Wool pellets contain nitrogen, phosphorus, potassium, magnesium, sulfur, and other trace elements. Wool pellets decompose in the ground due to atmospheric oxygen, moisture, and heat. During decomposition, the pellets release trace elements and thereby enrich the soil. Pellets pressed from sheep wool decompose in the ground for about 6 months. Long-term decomposition saves the plant grower from troublesome fertilizing.

Pellets retain water.

Wool pellets have a high moisture absorption, which reduces both the number of watering times and the risk of overwatering. As a result, the pellets are suitable for flower pots and containers in homes and offices, where plants tend to dry out faster. In addition, the pellet helps store water in the soil, and the surrounding soil is fertilized when moisture is released.

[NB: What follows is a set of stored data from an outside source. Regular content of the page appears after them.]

(* Let $(\Omega,\mathscr{A},\mu)$ be a finite measure space, let $P$ be a finite set, and let $\{A_p\}_{p\in P}\subseteq\mathscr{A}$ be a family of measurable sets. Let $\{B_1,B^*_1\},\{B_2,B^*_2\},\dots,\{B_k,B^*_k\}$ be pairs of subsets of $P$ such that for every $i\in\{1,\dots,k\}$ we have $B_i\cap B^*_i=\emptyset$ and $$\bigcap_{p\in B_i}A_p\subseteq\bigcup_{p\in B^*_i}A_p .$$ For $i\in\{1,\dots,k\}$ put $$\mathscr{B}_i=\{I\subseteq P:\ I\supseteq B_i,\ \text{and } I\not\supseteq B_j\setminus B^*_i \text{ for every } j<i\},$$ and $\mathscr{B}=\mathscr{B}_1\cup\mathscr{B}_2\cup\cdots\cup\mathscr{B}_k$. Then $$\mu\Big(\bigcap_{p\in P}\overline{A}_p\Big)=\sum_{I\in 2^P\setminus\mathscr{B}}(-1)^{|I|}\,\mu\Big(\bigcap_{i\in I}A_i\Big).$$
   Context: $\overline{A}_p=\Omega\setminus A_p$ denotes the complement of $A_p$; $2^P$ denotes the power set of $P$; the intersection over the empty index set is $\Omega$. No ordering on $P$ is assumed; the pairs are indexed $1,\dots,k$ and the condition "$j<i$" refers to these indices. *)

theory Defs
  imports "HOL-Analysis.Analysis"
begin

text \<open>Intersection of the sets A p over p in I, taken inside the space Omega;
  the intersection over the empty index set is Omega.\<close>
definition inter_in :: "'a set \<Rightarrow> ('p \<Rightarrow> 'a set) \<Rightarrow> 'p set \<Rightarrow> 'a set" where
  "inter_in \<Omega> A I = \<Omega> \<inter> (\<Inter>p\<in>I. A p)"

definition Bfam :: "'p set \<Rightarrow> (nat \<Rightarrow> 'p set) \<Rightarrow> (nat \<Rightarrow> 'p set) \<Rightarrow> nat \<Rightarrow> 'p set set" where
  "Bfam P B Bs i = {I. I \<subseteq> P \<and> B i \<subseteq> I \<and> (\<forall>j\<in>{1..<i}. \<not> (B j - Bs i \<subseteq> I))}"

end

theory Submission
  imports Defs
begin

text \<open>Evaluate both sides pointwise: for a point x with S = {p \<in> P. x \<in> A p}, the indicator
  of each intersection over I is 1 exactly when I \<subseteq> S, so the right-hand side becomes the
  alternating sum over the subsets of S outside the families \<B>_i. These families are pairwise
  disjoint, and the hypothesis on the pair i provides an element q \<in> S \<inter> B*_i whenever
  B_i \<subseteq> S; toggling q is an involution of the subsets of S in \<B>_i that changes the parity of
  the cardinality, so each \<B>_i contributes 0. What is left is the alternating sum over all subsets
  of S, which is the indicator of S = {}, i.e. of the intersection of the complements.
  Integrating this identity gives the theorem.\<close>

lemma sum_minus_one_power_card_toggle_closed:
  fixes F :: "'p set set"
  assumes "finite F" and "\<And>I. I \<in> F \<Longrightarrow> finite I"
    and "\<And>I. I \<in> F \<Longrightarrow> insert q I \<in> F \<and> I - {q} \<in> F"
  shows "(\<Sum>I\<in>F. (-1) ^ card I) = (0::'b::ring_1)"
proof -
  define F0 where "F0 = {I\<in>F. q \<notin> I}"
  have F_split: "F = F0 \<union> insert q ` F0"
  proof (intro equalityI subsetI)
    fix I assume I: "I \<in> F"
    show "I \<in> F0 \<union> insert q ` F0"
    proof (cases "q \<in> I")
      case True
      then have "I = insert q (I - {q})" "I - {q} \<in> F0" using I assms(3) by (auto simp: F0_def)
      then show ?thesis by blast
    qed (use I in \<open>auto simp: F0_def\<close>)
  qed (use assms(3) in \<open>auto simp: F0_def\<close>)
  have "inj_on (insert q) F0"
    by (auto simp: F0_def inj_on_def insert_ident)
  then have "(\<Sum>I\<in>insert q ` F0. (-1) ^ card I) = (\<Sum>I\<in>F0. (-1) ^ card (insert q I) :: 'b)"
    by (rule sum.reindex[unfolded comp_def])
  also have "\<dots> = - (\<Sum>I\<in>F0. (-1) ^ card I)"
    using assms(2) by (simp add: F0_def sum_negf)
  finally have "(\<Sum>I\<in>insert q ` F0. (-1) ^ card I) = - (\<Sum>I\<in>F0. (-1) ^ card I :: 'b)" .
  moreover have "F0 \<inter> insert q ` F0 = {}" and "finite F0"
    using \<open>finite F\<close> by (auto simp: F0_def)
  ultimately show ?thesis
    by (subst F_split) (simp add: sum.union_disjoint)
qed

lemma sum_minus_one_power_card_Pow:
  assumes "finite S"
  shows "(\<Sum>I\<in>Pow S. (-1) ^ card I) = (if S = {} then 1 else 0 :: 'b::ring_1)"
proof (cases "S = {}")
  case False
  then obtain q where "q \<in> S" by blast
  with assms show ?thesis
    by (auto intro!: sum_minus_one_power_card_toggle_closed intro: finite_subset)
qed simp

lemma Bfam_disjoint:
  assumes "1 \<le> i" and "i < j"
  shows "Bfam P B Bs i \<inter> Bfam P B Bs j = {}"
  using assms by (auto simp: Bfam_def)

lemma disjoint_family_on_Bfam: "disjoint_family_on (Bfam P B Bs) {1..k}"
  unfolding disjoint_family_on_def
  by (metis Bfam_disjoint Int_commute atLeastAtMost_iff linorder_neqE_nat)

lemma sum_minus_one_power_card_Pow_inter_Bfam:
  assumes "finite S" and "S \<subseteq> P" and "B i \<inter> Bs i = {}"
    and "B i \<subseteq> S \<Longrightarrow> S \<inter> Bs i \<noteq> {}"
  shows "(\<Sum>I\<in>Pow S \<inter> Bfam P B Bs i. (-1) ^ card I) = (0::'b::ring_1)"
proof (cases "B i \<subseteq> S")
  case False
  then have "Pow S \<inter> Bfam P B Bs i = {}" by (auto simp: Bfam_def)
  then show ?thesis by simp
next
  case True
  then obtain q where q: "q \<in> S" "q \<in> Bs i" using assms(4) by blast
  then have "q \<notin> B i" using assms(3) by blast
  show ?thesis
  proof (rule sum_minus_one_power_card_toggle_closed)
    show "finite (Pow S \<inter> Bfam P B Bs i)" using assms(1) by simp
    show "finite I" if "I \<in> Pow S \<inter> Bfam P B Bs i" for I
      using that assms(1) by (blast intro: finite_subset)
    fix I assume I: "I \<in> Pow S \<inter> Bfam P B Bs i"
    \<comment> \<open>as q \<in> B*_i, toggling q does not affect the conditions B_j - B*_i \<nsubseteq> I\<close>
    have "\<not> B j - Bs i \<subseteq> insert q I" "\<not> B j - Bs i \<subseteq> I - {q}" if "j \<in> {1..<i}" for j
      using I that q(2) by (auto simp: Bfam_def)
    with I q \<open>q \<notin> B i\<close> assms(2)
    show "insert q I \<in> Pow S \<inter> Bfam P B Bs i \<and> I - {q} \<in> Pow S \<inter> Bfam P B Bs i"
      by (auto simp: Bfam_def)
  qed
qed

lemma sum_minus_one_power_card_Pow_diff_Bfam:
  assumes "finite S" and "S \<subseteq> P"
    and "\<And>i. i \<in> {1..k} \<Longrightarrow> B i \<inter> Bs i = {}"
    and "\<And>i. i \<in> {1..k} \<Longrightarrow> B i \<subseteq> S \<Longrightarrow> S \<inter> Bs i \<noteq> {}"
  shows "(\<Sum>I\<in>Pow S - (\<Union>i\<in>{1..k}. Bfam P B Bs i). (-1) ^ card I)
    = (if S = {} then 1 else 0 :: 'b::ring_1)"
proof -
  let ?D = "Pow S - (\<Union>i\<in>{1..k}. Bfam P B Bs i)"
  let ?U = "\<Union>i\<in>{1..k}. Pow S \<inter> Bfam P B Bs i"
  have "(\<Sum>I\<in>?U. (-1) ^ card I :: 'b)
      = (\<Sum>i\<in>{1..k}. \<Sum>I\<in>Pow S \<inter> Bfam P B Bs i. (-1) ^ card I)"
    using disjoint_family_on_Bfam[of P B Bs k] assms(1)
    by (intro sum.UNION_disjoint_family) (auto simp: disjoint_family_on_def)
  also have "\<dots> = 0"
    using assms by (simp add: sum_minus_one_power_card_Pow_inter_Bfam)
  finally have "(\<Sum>I\<in>?U. (-1) ^ card I :: 'b) = 0" .
  moreover have "(\<Sum>I\<in>?D \<union> ?U. (-1) ^ card I :: 'b)
      = (\<Sum>I\<in>?D. (-1) ^ card I) + (\<Sum>I\<in>?U. (-1) ^ card I)"
    using assms(1) by (intro sum.union_disjoint) auto
  moreover have "?D \<union> ?U = Pow S" by blast
  ultimately have "(\<Sum>I\<in>?D. (-1) ^ card I :: 'b) = (\<Sum>I\<in>Pow S. (-1) ^ card I)"
    by simp
  also have "\<dots> = (if S = {} then 1 else 0)"
    by (rule sum_minus_one_power_card_Pow[OF assms(1)])
  finally show ?thesis .
qed

lemma inter_in_in_sets:
  assumes "finite I" and "\<And>p. p \<in> I \<Longrightarrow> A p \<in> sets M"
  shows "inter_in (space M) A I \<in> sets M"
proof (cases "I = {}")
  case False
  with assms have "(\<Inter>p\<in>I. A p) \<in> sets M" by (intro sets.finite_INT) auto
  then show ?thesis by (auto simp: inter_in_def)
qed (simp add: inter_in_def)

lemma sum_indicator_inter_in:
  fixes c :: "'p set \<Rightarrow> real"
  assumes "finite P" and "x \<in> \<Omega>"
  shows "(\<Sum>I\<in>Pow P - F. c I * indicator (inter_in \<Omega> A I) x)
    = (\<Sum>I\<in>Pow {p\<in>P. x \<in> A p} - F. c I)"
proof -
  have "(\<Sum>I\<in>Pow P - F. c I * indicator (inter_in \<Omega> A I) x)
      = (\<Sum>I\<in>Pow P - F. if I \<in> Pow {p\<in>P. x \<in> A p} - F then c I else 0)"
    using assms(2) by (intro sum.cong) (auto simp: inter_in_def indicator_def)
  also have "\<dots> = (\<Sum>I\<in>Pow {p\<in>P. x \<in> A p} - F. c I)"
    using assms(1) by (subst sum.If_cases) (auto intro!: sum.cong)
  finally show ?thesis .
qed

lemma measure_eq_sum_if_indicator_eq:
  fixes c :: "'i \<Rightarrow> real"
  assumes "finite_measure M" and "finite N"
    and "X \<in> sets M" and "\<And>I. I \<in> N \<Longrightarrow> E I \<in> sets M"
    and "\<And>x. x \<in> space M \<Longrightarrow> indicator X x = (\<Sum>I\<in>N. c I * indicator (E I) x)"
  shows "measure M X = (\<Sum>I\<in>N. c I * measure M (E I))"
proof -
  have integrable: "integrable M (indicator Y :: 'a \<Rightarrow> real)" if "Y \<in> sets M" for Y
    using that finite_measure.emeasure_finite[OF assms(1)] by (simp add: less_top)
  have "measure M X = (\<integral>x. indicator X x \<partial>M)"
    using sets.Int_space_eq2[OF assms(3)] by simp
  also have "\<dots> = (\<integral>x. (\<Sum>I\<in>N. c I * indicator (E I) x) \<partial>M)"
    using assms(5) by (rule Bochner_Integration.integral_cong[OF refl])
  also have "\<dots> = (\<Sum>I\<in>N. c I * (\<integral>x. indicator (E I) x \<partial>M))"
    using assms(4) by (simp add: Bochner_Integration.integral_sum integrable)
  also have "\<dots> = (\<Sum>I\<in>N. c I * measure M (E I))"
    using assms(4) by (simp add: sets.Int_space_eq2)
  finally show ?thesis .
qed

theorem theorem2:
  fixes M :: "'a measure" and P :: "'p set" and A :: "'p \<Rightarrow> 'a set"
    and k :: nat and B Bs :: "nat \<Rightarrow> 'p set"
  assumes "finite_measure M"
    and "finite P"
    and "\<And>p. p \<in> P \<Longrightarrow> A p \<in> sets M"
    and "\<And>i. i \<in> {1..k} \<Longrightarrow> B i \<subseteq> P \<and> Bs i \<subseteq> P"
    and "\<And>i. i \<in> {1..k} \<Longrightarrow> B i \<inter> Bs i = {}"
    and "\<And>i. i \<in> {1..k} \<Longrightarrow> inter_in (space M) A (B i) \<subseteq> (\<Union>p\<in>Bs i. A p)"
  shows "measure M (inter_in (space M) (\<lambda>p. space M - A p) P)
    = (\<Sum>I\<in>Pow P - (\<Union>i\<in>{1..k}. Bfam P B Bs i).
         (-1) ^ card I * measure M (inter_in (space M) A I))"
proof (rule measure_eq_sum_if_indicator_eq[OF assms(1)])
  show "finite (Pow P - (\<Union>i\<in>{1..k}. Bfam P B Bs i))"
    using assms(2) by simp
  show "inter_in (space M) (\<lambda>p. space M - A p) P \<in> sets M"
    using assms(2,3) by (intro inter_in_in_sets) auto
  show "inter_in (space M) A I \<in> sets M" if "I \<in> Pow P - (\<Union>i\<in>{1..k}. Bfam P B Bs i)" for I
    using that assms(2,3) by (intro inter_in_in_sets) (auto intro: finite_subset)
  fix x assume x: "x \<in> space M"
  let ?S = "{p\<in>P. x \<in> A p}"
  have cover: "?S \<inter> Bs i \<noteq> {}" if i: "i \<in> {1..k}" and BS: "B i \<subseteq> ?S" for i
  proof -
    have "x \<in> inter_in (space M) A (B i)"
      using x BS by (auto simp: inter_in_def)
    then obtain p where "p \<in> Bs i" and "x \<in> A p"
      using assms(6)[OF i] by blast
    then show ?thesis
      using assms(4)[OF i] by blast
  qed
  have "indicator (inter_in (space M) (\<lambda>p. space M - A p) P) x
      = (if ?S = {} then 1 else 0 :: real)"
    using x by (auto simp: inter_in_def indicator_def)
  also have "\<dots> = (\<Sum>I\<in>Pow ?S - (\<Union>i\<in>{1..k}. Bfam P B Bs i). (-1) ^ card I)"
    using assms(2,5) cover by (intro sum_minus_one_power_card_Pow_diff_Bfam[symmetric]) auto
  also have "\<dots> = (\<Sum>I\<in>Pow P - (\<Union>i\<in>{1..k}. Bfam P B Bs i).
      (-1) ^ card I * indicator (inter_in (space M) A I) x)"
    by (rule sum_indicator_inter_in[OF assms(2) x, symmetric])
  finally show "indicator (inter_in (space M) (\<lambda>p. space M - A p) P) x = \<dots>" .
qed

end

Snail control and mulching.

Pellets pressed from sheep's wool irritate the legs of slugs and force them to find for another path. By using the pellets as a thicker layer around growing area, the pellet helps keep the ground under it at a more even temperature. By acting in this way, you can prevent damage from spring temperature fluctuations as well as the attack of snails and slugs. When you watering your plants, then pellets melt and form "felted" surface. It is important to keep this surface free from leaves and other debris. Otherwise slugs and snails can reach your plants.